lemma adj_weight_le_spec_norm_Hmat:
  fixes E :: "('a::finite \<times> 'a) set"
  shows "adj E a b / (deg E a + adj E a b) \<le> spec_norm UNIV (Hmat E)"
proof (cases "adj E a b = 0")
  case True
  then show ?thesis by (simp add: spec_norm_nonneg)
next
  case False
  then have "adj E a b = 1" by (simp add: adj_def split: if_splits)
  moreover have "adj E a b \<le> deg E a"
    unfolding deg_def by (rule member_le_sum) (simp_all add: adj_def)
  ultimately have "adj E a b / (deg E a + adj E a b) \<le> 1"
    by simp
  also have "1 = \<bar>Hmat E (a, b) (a, b)\<bar>"
    using \<open>adj E a b = 1\<close> \<open>adj E a b \<le> deg E a\<close> by (simp add: Hmat_def lap_def)
  also have "\<dots> \<le> spec_norm UNIV (Hmat E)"
    by (rule abs_diag_le_spec_norm) simp_all
  finally show ?thesis .
qed

lemma xi_increment_le:
  fixes coal :: "'a::finite \<Rightarrow> 'c" and E :: "('a \<times> 'a) set" and \<xi>0 \<xi>1 :: "'a \<Rightarrow> real^'a"
  assumes step: "\<And>a b. \<xi>1 a $ b = \<xi>0 a $ b - 1 / (deg E a + adj E a b) *
          ((\<Sum>c\<in>Nin E a. \<xi>0 a $ b - \<xi>0 c $ b) + adj E a b * (\<xi>0 a $ b - x0 b))"
  shows "(\<Sum>a\<in>UNIV. (norm (\<xi>1 a - \<xi>0 a))\<^sup>2)
           \<le> 2 * (spec_norm UNIV (Hmat E))\<^sup>2 * sqnorm_e_xi coal u x0 \<xi>0
             + 2 * real CARD('a) * (spec_norm UNIV (Hmat E))\<^sup>2 * sqnorm_e_x coal u x0"
proof -
  define h where "h = spec_norm UNIV (Hmat E)"
  define z where "z b = xbar coal u x0 (coal b)" for b
  define e\<xi> where "e\<xi> = (\<lambda>(c, d). \<xi>0 c $ d - z d)"
  define w where "w a b = adj E a b / (deg E a + adj E a b)" for a b
  have w_sq: "(w a b)\<^sup>2 \<le> h\<^sup>2" for a b
    unfolding w_def h_def
    by (intro power_mono adj_weight_le_spec_norm_Hmat) (simp add: adj_def deg_def sum_nonneg)
  have increment: "\<xi>1 a $ b - \<xi>0 a $ b = - mat_vec UNIV (Hmat E) e\<xi> (a, b) + w a b * (x0 b - z b)"
    for a b unfolding e\<xi>_def w_def by (rule xi_increment_eq[OF step])
  have "(\<Sum>a\<in>UNIV. (norm (\<xi>1 a - \<xi>0 a))\<^sup>2)
      = (\<Sum>a\<in>UNIV. \<Sum>b\<in>UNIV. (- mat_vec UNIV (Hmat E) e\<xi> (a, b) + w a b * (x0 b - z b))\<^sup>2)"
    unfolding norm_vec_pow2 by (simp add: increment)
  also have "\<dots> \<le> (\<Sum>a\<in>UNIV. \<Sum>b\<in>UNIV.
                    2 * (mat_vec UNIV (Hmat E) e\<xi> (a, b))\<^sup>2 + 2 * (w a b)\<^sup>2 * (x0 b - z b)\<^sup>2)"
    by (intro sum_mono) (use zero_le_power2[of "mat_vec UNIV (Hmat E) e\<xi> (_, _) + w _ _ * (x0 _ - z _)"]
        in \<open>simp add: power2_eq_square algebra_simps\<close>)
  also have "\<dots> = 2 * (\<Sum>p\<in>UNIV. (mat_vec UNIV (Hmat E) e\<xi> p)\<^sup>2)
                  + 2 * (\<Sum>a\<in>UNIV. \<Sum>b\<in>UNIV. (w a b)\<^sup>2 * (x0 b - z b)\<^sup>2)"
    by (simp add: sum_pairs_UNIV sum.distrib sum_distrib_left mult.assoc)
  moreover have "(\<Sum>p\<in>UNIV. (mat_vec UNIV (Hmat E) e\<xi> p)\<^sup>2) \<le> h\<^sup>2 * sqnorm_e_xi coal u x0 \<xi>0"
    using sum_sq_mat_vec_le[of UNIV "Hmat E" e\<xi>]
    by (simp add: h_def e\<xi>_def z_def sqnorm_e_xi_def sum_pairs_UNIV)
  moreover have "(\<Sum>a\<in>UNIV. \<Sum>b\<in>UNIV. (w a b)\<^sup>2 * (x0 b - z b)\<^sup>2)
      \<le> (\<Sum>a\<in>(UNIV :: 'a set). \<Sum>b\<in>UNIV. h\<^sup>2 * (x0 b - z b)\<^sup>2)"
    by (intro sum_mono mult_right_mono w_sq) simp
  moreover have "\<dots> = real CARD('a) * h\<^sup>2 * sqnorm_e_x coal u x0"
    by (simp add: z_def sqnorm_e_x_def sum_distrib_left mult.assoc)
  ultimately show ?thesis by (simp add: h_def)
qed

theorem lemma1:
  fixes coal :: "'a::finite \<Rightarrow> 'c::finite"
    and E :: "('a \<times> 'a) set"
    and f :: "'a \<Rightarrow> real^'a \<Rightarrow> real"
    and lip :: "'a \<Rightarrow> real"
    and R C :: "'a \<Rightarrow> 'a \<Rightarrow> real"
    and u v :: "'a \<Rightarrow> real"
    and Wc :: "'c \<Rightarrow> 'a \<Rightarrow> 'a \<Rightarrow> real"
    and \<alpha> :: real
    and x :: "nat \<Rightarrow> 'a \<Rightarrow> real"
    and \<xi> :: "nat \<Rightarrow> 'a \<Rightarrow> real^'a"
    and \<psi> :: "nat \<Rightarrow> 'a \<Rightarrow> 'a \<Rightarrow> real"
  assumes coal_surj: "surj coal"
    \<comment> \<open>(A1)\<close>
    and A1_G: "strongly_connected UNIV E"
    and A1_Gi: "\<And>i. strongly_connected (Vc coal i) E"
    \<comment> \<open>(A2)\<close>
    and A2_convex: "\<And>a. convex_on UNIV (f a)"
    and A2_C2: "\<And>a. C2 (f a)"
    and A2_lip: "\<And>a. lipschitz_on (lip a) UNIV (grad (f a))"
    \<comment> \<open>weights\<close>
    and R_pos: "\<And>a b. coal b = coal a \<Longrightarrow> b \<in> Nin_i coal E a \<union> {a} \<Longrightarrow> R a b > 0"
    and R_zero: "\<And>a b. coal b = coal a \<Longrightarrow> b \<notin> Nin_i coal E a \<union> {a} \<Longrightarrow> R a b = 0"
    and R_sum: "\<And>a. (\<Sum>b\<in>Vc coal (coal a). R a b) = 1"
    and C_pos: "\<And>a b. coal b = coal a \<Longrightarrow> b \<in> Nout_i coal E a \<union> {a} \<Longrightarrow> C b a > 0"
    and C_zero: "\<And>a b. coal b = coal a \<Longrightarrow> b \<notin> Nout_i coal E a \<union> {a} \<Longrightarrow> C b a = 0"
    and C_sum: "\<And>a. (\<Sum>b\<in>Vc coal (coal a). C b a) = 1"
    and alpha_pos: "\<alpha> > 0"
    \<comment> \<open>auxiliary vectors u_i, v_i\<close>
    and u_left: "\<And>i m. coal m = i \<Longrightarrow> (\<Sum>j\<in>Vc coal i. u j * R j m) = u m"
    and u_sum: "\<And>i. (\<Sum>j\<in>Vc coal i. u j) = real (ncoal coal i)"
    and v_right: "\<And>i j. coal j = i \<Longrightarrow> (\<Sum>m\<in>Vc coal i. C j m * v m) = v j"
    and v_sum: "\<And>i. (\<Sum>j\<in>Vc coal i. v j) = real (ncoal coal i)"
    \<comment> \<open>W_{c_i}: symmetric positive definite solution of the Lyapunov equation\<close>
    and Wc_sym: "\<And>i j m. j \<in> Vc coal i \<Longrightarrow> m \<in> Vc coal i \<Longrightarrow> Wc i j m = Wc i m j"
    and Wc_pd: "\<And>i z. (\<exists>j\<in>Vc coal i. z j \<noteq> 0) \<Longrightarrow>
                   (\<Sum>j\<in>Vc coal i. \<Sum>m\<in>Vc coal i. z j * Wc i j m * z m) > 0"
    and Wc_lyap: "\<And>i j m. j \<in> Vc coal i \<Longrightarrow> m \<in> Vc coal i \<Longrightarrow>
        mmul (Vc coal i) (mtr (Cbar coal C v i)) (mmul (Vc coal i) (Wc i) (Cbar coal C v i)) j m
          - Wc i j m = - (if j = m then 1 else 0)"
    \<comment> \<open>algorithm\<close>
    and psi_init: "\<And>a l. coal l = coal a \<Longrightarrow> \<psi> 0 a l = pd (f a) l (\<xi> 0 a)"
    and x_step: "\<And>k a. x (Suc k) a =
        (\<Sum>m\<in>Vc coal (coal a). R a m * x k m)
          - \<alpha> / real (ncoal coal (coal a)) * (\<Sum>m\<in>Vc coal (coal a). \<psi> k a m)"
    and xi_step: "\<And>k a b. \<xi> (Suc k) a $ b =
        \<xi> k a $ b - 1 / (deg E a + adj E a b) *
          ((\<Sum>c\<in>Nin E a. \<xi> k a $ b - \<xi> k c $ b) + adj E a b * (\<xi> k a $ b - x k b))"
    and psi_step: "\<And>k a l. coal l = coal a \<Longrightarrow> \<psi> (Suc k) a l =
        (\<Sum>m\<in>Vc coal (coal a). C a m * \<psi> k m l)
          + pd (f a) l (\<xi> (Suc k) a) - pd (f a) l (\<xi> k a)"
  shows "\<forall>k. V_psi coal v Wc (\<psi> (Suc k)) - V_psi coal v Wc (\<psi> k)
           \<le> - (1/2) * sqnorm_e_psi coal v (\<psi> k)
             + beta_psi_xi coal E C v Wc lip * sqnorm_e_xi coal u (x k) (\<xi> k)
             + beta_psi_x coal E C v Wc lip * sqnorm_e_x coal u (x k)"
proof
  fix k
  define gain where "gain a = perturbation_gain (Vc coal (coal a)) (Cbar coal C v (coal a))
                                (Wc (coal a)) (Ibar coal v (coal a))" for a
  define M where "M = (MAX a\<in>UNIV. gain a * (lip a)\<^sup>2)"
  define D where "D a l = pd (f a) l (\<xi> (Suc k) a) - pd (f a) l (\<xi> k a)" for a l
  define \<Delta> where "\<Delta> a = (norm (\<xi> (Suc k) a - \<xi> k a))\<^sup>2" for a
  have gain_nonneg: "0 \<le> gain a" for a by (simp add: gain_def perturbation_gain_nonneg)
  have M_ge: "gain a * (lip a)\<^sup>2 \<le> M" for a by (simp add: M_def)
  have "0 \<le> M" using gain_nonneg M_ge by (meson order.trans mult_nonneg_nonneg zero_le_power2)
  have psi_increment: "\<psi> (Suc k) a l = (\<Sum>m\<in>Vc coal (coal a). C a m * \<psi> k m l) + D a l"
    if "coal l = coal a" for a l
    using psi_step[OF that] by (simp add: D_def)
  have "V_psi coal v Wc (\<psi> (Suc k)) - V_psi coal v Wc (\<psi> k)
      \<le> - (1/2) * sqnorm_e_psi coal v (\<psi> k) + (\<Sum>a\<in>UNIV. gain a * (\<Sum>l\<in>Vc coal (coal a). (D a l)\<^sup>2))"
    unfolding gain_def by (rule V_psi_step_le[OF C_sum v_right v_sum Wc_sym Wc_lyap psi_increment])
  also have "(\<Sum>a\<in>UNIV. gain a * (\<Sum>l\<in>Vc coal (coal a). (D a l)\<^sup>2)) \<le> (\<Sum>a\<in>UNIV. gain a * ((lip a)\<^sup>2 * \<Delta> a))"
    unfolding D_def \<Delta>_def by (intro sum_mono mult_left_mono sum_sq_pd_diff_le A2_lip gain_nonneg)
  also have "\<dots> \<le> M * (\<Sum>a\<in>UNIV. \<Delta> a)"
    unfolding sum_distrib_left mult.assoc[symmetric]
    by (intro sum_mono mult_right_mono M_ge) (simp add: \<Delta>_def)
  also have "\<dots> \<le> M * (2 * (spec_norm UNIV (Hmat E))\<^sup>2 * sqnorm_e_xi coal u (x k) (\<xi> k)
        + 2 * real CARD('a) * (spec_norm UNIV (Hmat E))\<^sup>2 * sqnorm_e_x coal u (x k))"
    unfolding \<Delta>_def by (intro mult_left_mono xi_increment_le xi_step \<open>0 \<le> M\<close>)
  finally show "V_psi coal v Wc (\<psi> (Suc k)) - V_psi coal v Wc (\<psi> k)
      \<le> - (1/2) * sqnorm_e_psi coal v (\<psi> k)
        + beta_psi_xi coal E C v Wc lip * sqnorm_e_xi coal u (x k) (\<xi> k)
        + beta_psi_x coal E C v Wc lip * sqnorm_e_x coal u (x k)"
    by (simp add: beta_psi_xi_def beta_psi_x_def perturbation_gain_def M_def gain_def algebra_simps)
qed

end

WHAT TO PRODUCE: Give back exactly the lines of the listing above, starting with its first line and ending with the line that holds "adj_def split: if_splits)".

EXERCISE SOLUTION:
lemma adj_weight_le_spec_norm_Hmat:
  fixes E :: "('a::finite \<times> 'a) set"
  shows "adj E a b / (deg E a + adj E a b) \<le> spec_norm UNIV (Hmat E)"
proof (cases "adj E a b = 0")
  case True
  then show ?thesis by (simp add: spec_norm_nonneg)
next
  case False
  then have "adj E a b = 1" by (simp add: adj_def split: if_splits)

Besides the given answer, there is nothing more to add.